> _EXERCISE OBJECTIVE_:
Give again every line from the one with "using RNN_not_closed_C1_not_Cinf[OF assms(1,4)" through the last line of the data, exactly, and leave out the lines before it.

DATA FOR ANALYSIS START

theorem theorem3p3:
  fixes d :: nat and hidden :: "nat list" and B :: real and \<rho> :: "real \<Rightarrow> real"
  assumes "d \<ge> 1" and "hidden \<noteq> []" and "\<forall>N\<in>set hidden. N \<ge> 1"
    and "B > 0"
    and "(last hidden \<ge> 2 \<and> Ck 1 \<rho> \<and> \<not> Cinf \<rho>)
       \<or> (last hidden \<ge> 2 \<and> bounded (range \<rho>) \<and> real_analytic \<rho> \<and> (\<exists>x y. \<rho> x \<noteq> \<rho> y))
       \<or> (\<exists>r q. approx_homogeneous \<rho> r q \<and> r \<noteq> q \<and> Ck (max r q) \<rho>)"
  shows "\<exists>(\<Phi>s :: nat \<Rightarrow> layer list) (g :: (nat \<Rightarrow> real) \<Rightarrow> real).
           (\<forall>n. \<Phi>s n \<in> NN (d # hidden @ [1]))
         \<and> continuous_on (cube d B) g
         \<and> uniform_limit (cube d B) (\<lambda>n. realize \<rho> (d # hidden @ [1]) (\<Phi>s n)) g sequentially
         \<and> (\<forall>\<Phi>\<in>NN (d # hidden @ [1]). \<exists>x\<in>cube d B. realize \<rho> (d # hidden @ [1]) \<Phi> x \<noteq> g x)"
proof -
  obtain hs h where hidden: "hidden = hs @ [h]"
    using \<open>hidden \<noteq> []\<close> by (metis append_butlast_last_id)
  have hs: "\<forall>N\<in>set hs. N \<ge> 1" and "h \<ge> 1" "last hidden = h"
    using assms(3) unfolding hidden by auto
  from assms(5) have "RNN_not_closed \<rho> d B (d # hs @ [h, 1])"
  proof (elim disjE conjE exE)
    assume "2 \<le> last hidden" "Ck 1 \<rho>" "\<not> Cinf \<rho>"
    then show ?thesis
      using RNN_not_closed_C1_not_Cinf[OF assms(1,4) hs] \<open>last hidden = h\<close> by simp
  next
    fix x y
    assume "bounded (range \<rho>)" "real_analytic \<rho>" "\<rho> x \<noteq> \<rho> y"
    then show ?thesis
      by (rule RNN_not_closed_bounded_analytic[OF assms(1,4) hs \<open>h \<ge> 1\<close>])
  next
    fix r q
    assume "approx_homogeneous \<rho> r q" "r \<noteq> q" "Ck (max r q) \<rho>"
    then show ?thesis
      by (rule RNN_not_closed_approx_homogeneous[OF assms(1,4) hs \<open>h \<ge> 1\<close>])
  qed
  then show ?thesis
    unfolding RNN_not_closed_def hidden by simp
qed

end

DATA FOR ANALYSIS END

> _YOUR SOLUTION_:
      using RNN_not_closed_C1_not_Cinf[OF assms(1,4) hs] \<open>last hidden = h\<close> by simp
  next
    fix x y
    assume "bounded (range \<rho>)" "real_analytic \<rho>" "\<rho> x \<noteq> \<rho> y"
    then show ?thesis
      by (rule RNN_not_closed_bounded_analytic[OF assms(1,4) hs \<open>h \<ge> 1\<close>])
  next
    fix r q
    assume "approx_homogeneous \<rho> r q" "r \<noteq> q" "Ck (max r q) \<rho>"
    then show ?thesis
      by (rule RNN_not_closed_approx_homogeneous[OF assms(1,4) hs \<open>h \<ge> 1\<close>])
  qed
  then show ?thesis
    unfolding RNN_not_closed_def hidden by simp
qed

end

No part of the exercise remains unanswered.